How to Stop Putting Off Your Estate Plan (And Why It Matters More Than You Think)

Recent data from financial planners reveals that most people are hesitant to commit to any sort of estate planning, instead opting to defer when possible – a trend which could have negative impacts down the line if not addressed early.
The 2026 Financial Advisor Insights report shows that when advisors bring up estate planning, 72% of clients express interest but defer concrete action, citing reasons like wanting to consult an attorney (26%), needing more information (25%), and having other priorities take precedence (17%).
“Most people don’t start because they don’t know where to begin, not because they don’t care,” says Matthew Koppelman, the co-founder of Precision Wealth Planners, a financial planning firm based in California.
Indeed, most American adults have done no estate planning whatsoever, with Gen X being the worst offenders, with what experts are labelling “The Sandwich Gap” between Boomers (over half of whom have done some estate planning) and Millennials (who have more estate planning documents than Gen Xers).
Some may be taking the research into their own hands. Pew research shows that the majority of Americans use AI multiple times a week. Though OpenAI doesn’t make search volume data publicly available, it’s not much of a leap to think that people are turning the questions they once brought to Google to ChatGPT for quick answers, reassurance, and even legal advice – a move that lawyers are advising strongly against.

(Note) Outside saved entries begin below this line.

(* Let $u\in\mathcal{L}PSH(\mathbb{C}^n)$ with $\sigma_u>n$. Then every polynomial $P\in\mathcal{P}_\infty(u)$ has degree at most $\sigma_u-n$. Furthermore, if $\mathcal{L}_\infty(u)>n$ and $c_\zeta(u)>1$ for all $\zeta\in\mathbb{C}^n$, then every polynomial of degree smaller than $\mathcal{L}_\infty(u)-n$ belongs to $\mathcal{P}_\infty(u)$.
   Context: $\mathcal{L}PSH(\mathbb{C}^n)$: plurisubharmonic $u$ on $\mathbb{C}^n$ with finite $\sigma_u=\limsup_{|z|\to\infty}u(z)/\log|z|$. $\mathcal{L}_\infty(u)=\liminf_{|z|\to\infty}u(z)/\log|z|$. $\mathcal{P}_\infty(u)$ is the set of polynomials $P:\mathbb{C}^n\to\mathbb{C}$ such that $\int_{\mathbb{C}^n\setminus K}|P|^2e^{-2u}d\lambda<\infty$ for some compact $K$. $c_\zeta(u)=\sup\{c>0: e^{-cu}\text{ is square integrable on some neighborhood of }\zeta\}$. *)

theory Defs
  imports "HOL-Analysis.Analysis"
begin

text \<open>C^n is modelled as the type complex ^ 'n (n = CARD('n)); Lebesgue measure on C^n = R^2n
  is lborel on this Euclidean space. Plurisubharmonic functions take values in [-\<infinity>, \<infinity>).\<close>

definition ereal_integral :: "'a measure \<Rightarrow> ('a \<Rightarrow> ereal) \<Rightarrow> ereal" where
  "ereal_integral M f =
     enn2ereal (\<integral>\<^sup>+ x. e2ennreal (f x) \<partial>M) - enn2ereal (\<integral>\<^sup>+ x. e2ennreal (- f x) \<partial>M)"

The best time to start estate planning
Getting ahead of estate planning will solve a number of problems for you and your family down the line. Problems like unexpected costs, long probate periods, and tax horror stories. If you don’t know where to begin, a financial planner is a good place to start.
“My role is to educate clients on what an estate plan actually does,” says Koppelman. “Using real stories of successes and failures, reframing the outcome from ‘documents’ to peace of mind for them and their families.”

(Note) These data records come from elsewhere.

lemma integral_top_objective:
  fixes \<nu> :: "(real^'k) measure" and Phi Psi :: "real^'d^'k"
  assumes sym: "symmetric_measure \<nu>"
  shows "integral\<^sup>L \<nu> (top_objective Phi S Psi) =
    (\<Sum>J\<in>{J. card J = S}. \<Sum>i\<in>UNIV. top_moment \<nu> J i i * (norm (P J Psi (Phi $ i)))\<^sup>2)"
proof -
  have "integral\<^sup>L \<nu> (top_objective Phi S Psi) = (\<Sum>J\<in>{J. card J = S}. \<Sum>i\<in>UNIV. \<Sum>j\<in>UNIV.
      top_moment \<nu> J i j * inner (P J Psi (Phi $ i)) (P J Psi (Phi $ j)))"
    unfolding top_objective_expand[abs_def] top_moment_def
    using integrable_top_moment_integrand[OF sym]
    by (simp add: Bochner_Integration.integral_sum Bochner_Integration.integrable_sum integrable_mult_left)
  also have "\<dots> = (\<Sum>J\<in>{J. card J = S}. \<Sum>i\<in>UNIV. top_moment \<nu> J i i * (norm (P J Psi (Phi $ i)))\<^sup>2)"
  proof (intro sum.cong refl)
    fix J i
    have "(\<Sum>j\<in>UNIV. top_moment \<nu> J i j * inner (P J Psi (Phi $ i)) (P J Psi (Phi $ j)))
        = (\<Sum>j\<in>UNIV. if j = i then top_moment \<nu> J i i * inner (P J Psi (Phi $ i)) (P J Psi (Phi $ i)) else 0)"
      by (intro sum.cong refl) (auto simp: top_moment_off_diagonal[OF sym])
    then show "(\<Sum>j\<in>UNIV. top_moment \<nu> J i j * inner (P J Psi (Phi $ i)) (P J Psi (Phi $ j)))
        = top_moment \<nu> J i i * (norm (P J Psi (Phi $ i)))\<^sup>2"
      by (simp add: dot_square_norm)
  qed
  finally show ?thesis .
qed

lemma objective_eq_top_moment_sum:
  fixes \<nu> :: "(real^'k) measure" and Phi Psi :: "real^'d^'k"
  assumes sym: "symmetric_measure \<nu>" and \<kappa>: "\<kappa> > 0" and SK: "S \<le> CARD('k)"
    and margin: "AE x in \<nu>. has_margin Phi S \<kappa> x"
    and stable: "\<And>x J. norm x = 1 \<Longrightarrow> card J \<le> S \<Longrightarrow> support_wins Phi S \<kappa> x J \<Longrightarrow>
      Max {(norm (P I Psi (synth Phi x)))\<^sup>2 | I. card I \<le> S} = (norm (P J Psi (synth Phi x)))\<^sup>2"
  shows "objective \<nu> Phi S Psi =
    (\<Sum>J\<in>{J. card J = S}. \<Sum>i\<in>UNIV. top_moment \<nu> J i i * (norm (P J Psi (Phi $ i)))\<^sup>2)"
proof -
  have "AE x in \<nu>. Max {(norm (P I Psi (synth Phi x)))\<^sup>2 | I. card I \<le> S} = top_objective Phi S Psi x"
    using margin AE_symmetric_measure_norm_1[OF sym]
  proof eventually_elim
    case (elim x)
    then obtain J where J: "card J = S" "x \<in> top_region J" and wins: "support_wins Phi S \<kappa> x J"
      using has_margin_top_region[OF _ \<kappa> SK] by metis
    have "top_objective Phi S Psi x = (norm (P J Psi (synth Phi x)))\<^sup>2" by (rule top_objective_eq[OF J])
    with stable[OF elim(2) _ wins] J(1) show ?case by simp
  qed
  then have "objective \<nu> Phi S Psi = integral\<^sup>L \<nu> (top_objective Phi S Psi)"
    unfolding objective_def
    by (intro integral_cong_AE)
      (simp_all add: symmetric_measureD(4)[OF sym] borel_measurable_Max_norm_P borel_measurable_top_objective)
  then show ?thesis by (simp add: integral_top_objective[OF sym])
qed

lemma sum_norm_P_tight_frame_le:
  fixes Phi Psi :: "real^'d^'k"
  assumes T: "unit_norm_tight_frame Phi" and indep: "atoms_independent Phi J"
  shows "(\<Sum>i\<in>UNIV. (norm (P J Psi (Phi $ i)))\<^sup>2) \<le> (\<Sum>i\<in>UNIV. (norm (P J Phi (Phi $ i)))\<^sup>2)"
proof -
  have "(\<Sum>i\<in>UNIV. (norm (P J Psi (Phi $ i)))\<^sup>2) =
      real CARD('k) / real CARD('d) * dim (span ((\<lambda>i. Psi $ i) ` J))"
    unfolding P_def by (rule sum_norm_orth_proj_tight_frame[OF T]) simp
  also have "\<dots> \<le> real CARD('k) / real CARD('d) * card J"
    using dim_span_atoms_le[of Psi J] by (intro mult_left_mono) auto
  also have "\<dots> = (\<Sum>i\<in>UNIV. (norm (P J Phi (Phi $ i)))\<^sup>2)"
    unfolding P_def dim_span_atoms_eq[OF indep, symmetric]
    by (rule sum_norm_orth_proj_tight_frame[OF T, symmetric]) simp
  finally show ?thesis .
qed

lemma weighted_sum_two_values_le:
  fixes h h' :: "'k::finite \<Rightarrow> real"
  assumes "0 \<le> n" "n \<le> m" "sum h UNIV \<le> sum h' UNIV" "\<And>i. i \<in> J \<Longrightarrow> h i \<le> h' i"
  shows "(\<Sum>i\<in>UNIV. (if i \<in> J then m else n) * h i) \<le> (\<Sum>i\<in>UNIV. (if i \<in> J then m else n) * h' i)"
proof -
  have split: "(\<Sum>i\<in>UNIV. (if i \<in> J then m else n) * g i) = n * sum g UNIV + (m - n) * sum g J"
    for g :: "'k \<Rightarrow> real"
  proof -
    have "(\<Sum>i\<in>UNIV. (if i \<in> J then m else n) * g i) =
        (\<Sum>i\<in>UNIV. n * g i + (m - n) * (if i \<in> J then g i else 0))"
      by (intro sum.cong) (auto simp: algebra_simps)
    also have "\<dots> = n * sum g UNIV + (m - n) * (\<Sum>i\<in>UNIV. if i \<in> J then g i else 0)"
      by (simp add: sum.distrib sum_distrib_left)
    also have "(\<Sum>i\<in>UNIV. if i \<in> J then g i else 0) = sum g J"
      by (simp add: sum.If_cases)
    finally show ?thesis .
  qed
  have "n * sum h UNIV \<le> n * sum h' UNIV" using assms(1,3) by (rule mult_left_mono[rotated])
  moreover have "(m - n) * sum h J \<le> (m - n) * sum h' J"
    using assms(2,4) by (intro mult_left_mono sum_mono) auto
  ultimately show ?thesis unfolding split by linarith
qed

text \<open>On \<open>J\<close> the dictionary \<open>\<Phi>\<close> wins term by term, since \<open>P\<^sub>J(\<Phi>)\<close> fixes the atoms of \<open>J\<close>.\<close>

lemma top_moment_sum_le:
  fixes \<nu> :: "(real^'k) measure" and Phi Psi :: "real^'d^'k"
  assumes T: "unit_norm_tight_frame Phi" and sym: "symmetric_measure \<nu>"
    and J: "J \<noteq> {}" and indep: "atoms_independent Phi J"
  shows "(\<Sum>i\<in>UNIV. top_moment \<nu> J i i * (norm (P J Psi (Phi $ i)))\<^sup>2)
    \<le> (\<Sum>i\<in>UNIV. top_moment \<nu> J i i * (norm (P J Phi (Phi $ i)))\<^sup>2)"
proof -
  have unit: "norm (Phi $ i) = 1" for i using T by (simp add: unit_norm_tight_frame_def)
  obtain a where "a \<in> J" using J by blast
  then obtain n m where nm: "0 \<le> n" "n \<le> m" "\<And>i. top_moment \<nu> J i i = (if i \<in> J then m else n)"
    using top_moment_diagonal_two_values[OF sym] by blast
  have "(norm (P J Psi (Phi $ i)))\<^sup>2 \<le> (norm (P J Phi (Phi $ i)))\<^sup>2" if "i \<in> J" for i
  proof -
    have "P J Phi (Phi $ i) = Phi $ i"
      unfolding P_def by (rule orth_proj_id) (use that in \<open>auto intro: span_base\<close>)
    moreover have "norm (P J Psi (Phi $ i)) \<le> norm (Phi $ i)"
      unfolding P_def by (rule norm_orth_proj_le) simp
    ultimately show ?thesis using unit[of i] by (simp add: power_le_one)
  qed
  then show ?thesis unfolding nm(3)
    by (intro weighted_sum_two_values_le[OF nm(1,2) sum_norm_P_tight_frame_le[OF T indep]])
qed

theorem theorem6:
  fixes Phi :: "real^'d^'k" and \<nu> :: "(real^'k) measure"
    and \<mu> \<kappa> :: real and S :: nat
  assumes "unit_norm_tight_frame Phi"
    and "\<mu> = coherence Phi"
    and "1 \<le> S" and "S \<le> CARD('k)"
    and "symmetric_measure \<nu>"
    and "\<kappa> > 0"
    and "measure \<nu> {x \<in> space \<nu>.
           Min ((\<lambda>(p, \<sigma>).
               norm (P {i. p i < S} Phi (synth Phi (cps p \<sigma> x)))
             - Max ((\<lambda>I. norm (P I Phi (synth Phi (cps p \<sigma> x))))
                      ` {I. card I \<le> S \<and> I \<noteq> {i. p i < S}}))
             ` (perms \<times> signs)) \<ge> 2 * \<kappa>} = 1"
  shows "local_max_on dictionaries (objective \<nu> Phi S) Phi"
proof -
  note T = assms(1) and SK = assms(4) and sym = assms(5) and \<kappa> = assms(6)
  have unit: "\<And>i. norm (Phi $ i) = 1" using T by (simp add: unit_norm_tight_frame_def)
  from prob_space.AE_prob_1[OF symmetric_measureD(1)[OF sym] assms(7)]
  have margin: "AE x in \<nu>. has_margin Phi S \<kappa> x"
    by eventually_elim (auto intro: has_margin_if_Min_ge)
  then obtain x0 where "has_margin Phi S \<kappa> x0"
    using eventually_happens'[OF prob_space.ae_filter_bot[OF symmetric_measureD(1)[OF sym]]] by blast
  then have indep: "\<And>I. card I \<le> S \<Longrightarrow> atoms_independent Phi I"
    by (rule has_margin_atoms_independent[OF _ \<kappa> SK])
  obtain \<epsilon> where \<epsilon>: "\<epsilon> > 0" and stable: "\<And>Psi x J. dist Psi Phi < \<epsilon> \<Longrightarrow> norm x = 1 \<Longrightarrow>
      card J \<le> S \<Longrightarrow> support_wins Phi S \<kappa> x J \<Longrightarrow>
      Max {(norm (P I Psi (synth Phi x)))\<^sup>2 | I. card I \<le> S} = (norm (P J Psi (synth Phi x)))\<^sup>2"
    using Max_norm_P_stable[OF indep \<kappa> unit] by blast
  let ?value = "\<lambda>Psi. \<Sum>J\<in>{J. card J = S}. \<Sum>i\<in>UNIV. top_moment \<nu> J i i * (norm (P J Psi (Phi $ i)))\<^sup>2"
  have near: "objective \<nu> Phi S Psi = ?value Psi" if "dist Psi Phi < \<epsilon>" for Psi
    by (rule objective_eq_top_moment_sum[OF sym \<kappa> SK margin stable[OF that]])
  have "?value Psi \<le> ?value Phi" for Psi
    using assms(3) indep by (intro sum_mono top_moment_sum_le[OF T sym]) auto
  then show ?thesis
    unfolding local_max_on_def dictionaries_def using unit \<epsilon> near[of Phi] near by auto
qed

end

The way advisors deal with estate planning conversations is equally important. Advisors often avoid the topic fearing it will be uncomfortable, but the data says the opposite is true. Conversations that involve estate planning often result in a lift of client sentiment by nearly 5% and reduced neutral to negative outcomes.

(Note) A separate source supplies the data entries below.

lemma weight_fps_fixed_colorings:
  fixes p :: "'a \<Rightarrow> 'a" and \<omega> :: "'c \<Rightarrow> nat"
  assumes "finite S" and "bij_betw p S S" and "finite_fibers \<Omega> \<omega>" and "card S \<le> n"
  shows "(weight_fps (fixed_colorings p S \<Omega>) (\<lambda>\<phi>. \<Sum>x\<in>S. \<omega> (\<phi> x)) :: 'r::comm_ring_1 fps)
    = (\<Prod>k\<in>{1..n}. (weight_fps \<Omega> \<omega> oo fps_X ^ k) ^ cycles_in p S k)"
proof -
  let ?C = "perm_cycle p ` S"
  let ?f = "weight_fps \<Omega> \<omega> :: 'r fps"
  have card_cycle: "0 < card Z \<and> card Z \<le> n" if cycle: "Z \<in> ?C" for Z
  proof -
    obtain x where "x \<in> S" and Z: "Z = perm_cycle p x"
      using cycle by blast
    then have "Z \<subseteq> S" and "x \<in> Z"
      using perm_cycle_subset[OF assms(2)] self_in_perm_cycle by auto
    then show ?thesis
      using assms(1,4) card_mono[OF assms(1), of Z] by (auto simp: card_gt_0_iff intro: finite_subset)
  qed
  have fibers: "finite_fibers \<Omega> (\<lambda>c. m * \<omega> c)" if "m > 0" for m
  proof
    fix i
    have "{c \<in> \<Omega>. m * \<omega> c = i} \<subseteq> {c \<in> \<Omega>. \<omega> c = i div m}"
      using that by auto
    then show "finite {c \<in> \<Omega>. m * \<omega> c = i}"
      using assms(3) finite_subset by blast
  qed
  have "weight_fps (fixed_colorings p S \<Omega>) (\<lambda>\<phi>. \<Sum>x\<in>S. \<omega> (\<phi> x))
      = (weight_fps (?C \<rightarrow>\<^sub>E \<Omega>) (\<lambda>\<psi>. \<Sum>Z\<in>?C. card Z * \<omega> (\<psi> Z)) :: 'r fps)"
  proof (rule weight_fps_bij_betw[OF bij_betw_perm_cycle_colorings[OF assms(1,2)], symmetric])
    fix \<psi> :: "'a set \<Rightarrow> 'c"
    show "(\<Sum>x\<in>S. \<omega> ((\<lambda>x\<in>S. \<psi> (perm_cycle p x)) x)) = (\<Sum>Z\<in>?C. card Z * \<omega> (\<psi> Z))"
      using sum_over_perm_cycles[OF assms(1,2), of "\<lambda>Z. \<omega> (\<psi> Z)"] by simp
  qed
  also have "\<dots> = (\<Prod>Z\<in>?C. weight_fps \<Omega> (\<lambda>c. card Z * \<omega> c))"
    using assms(1) card_cycle fibers by (intro weight_fps_PiE_sum) auto
  also have "\<dots> = (\<Prod>Z\<in>?C. ?f oo fps_X ^ card Z)"
    using card_cycle by (intro prod.cong refl weight_fps_scale) auto
  also have "\<dots> = (\<Prod>k\<in>{1..n}. \<Prod>Z\<in>{Z \<in> ?C. card Z = k}. ?f oo fps_X ^ card Z)"
    using assms(1) card_cycle by (intro prod.group[symmetric]) (auto simp: Suc_le_eq)
  also have "\<dots> = (\<Prod>k\<in>{1..n}. (?f oo fps_X ^ k) ^ card {Z \<in> ?C. card Z = k})"
    by (intro prod.cong refl) simp
  also have "\<dots> = (\<Prod>k\<in>{1..n}. (?f oo fps_X ^ k) ^ cycles_in p S k)"
  proof -
    have "{Z \<in> ?C. card Z = k} = {perm_cycle p a | a. a \<in> S \<and> perm_cycle p a \<subseteq> S \<and> card (perm_cycle p a) = k}" for k
      using perm_cycle_subset[OF assms(2)] by blast
    then show ?thesis
      by (simp only: cycles_in_def)
  qed
  finally show ?thesis .
qed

The timing is equally important. Estate planning topics are shorter and less interactive than tax or retirement planning, reflecting their placement towards the end of calls. Surfacing estate planning topics earlier gives more time for the subject to breathe. Clients can ask questions and engage more thoroughly with their options, with less likelihood of deferral.
“Leading with empathy and support rather than lecturing is important,” Koppelman says. The report shows that advisor emotional intelligence has a direct correlation to improving client outcomes – especially with heavy topics like estate planning.
Advisor emotional intelligence is one of the strongest differentiators of client outcomes, measured by talk-time discipline, open-ended questions, empathetic statements, and emotional check-ins.
The mechanics of a good estate planning conversation are learnable: ask more than you tell, check in on how the client is feeling, and leave room for the conversation to go somewhere.
The cost of waiting
Estate planning is one of the few financial decisions where procrastination has consequences that fall entirely on the people you leave behind. Probate is expensive. Assets without designated beneficiaries can end up in the wrong hands or tied up in court for years.
The data makes clear that the barrier is rarely money or complexity, but inertia. The conversation is not the hard part. Starting it is.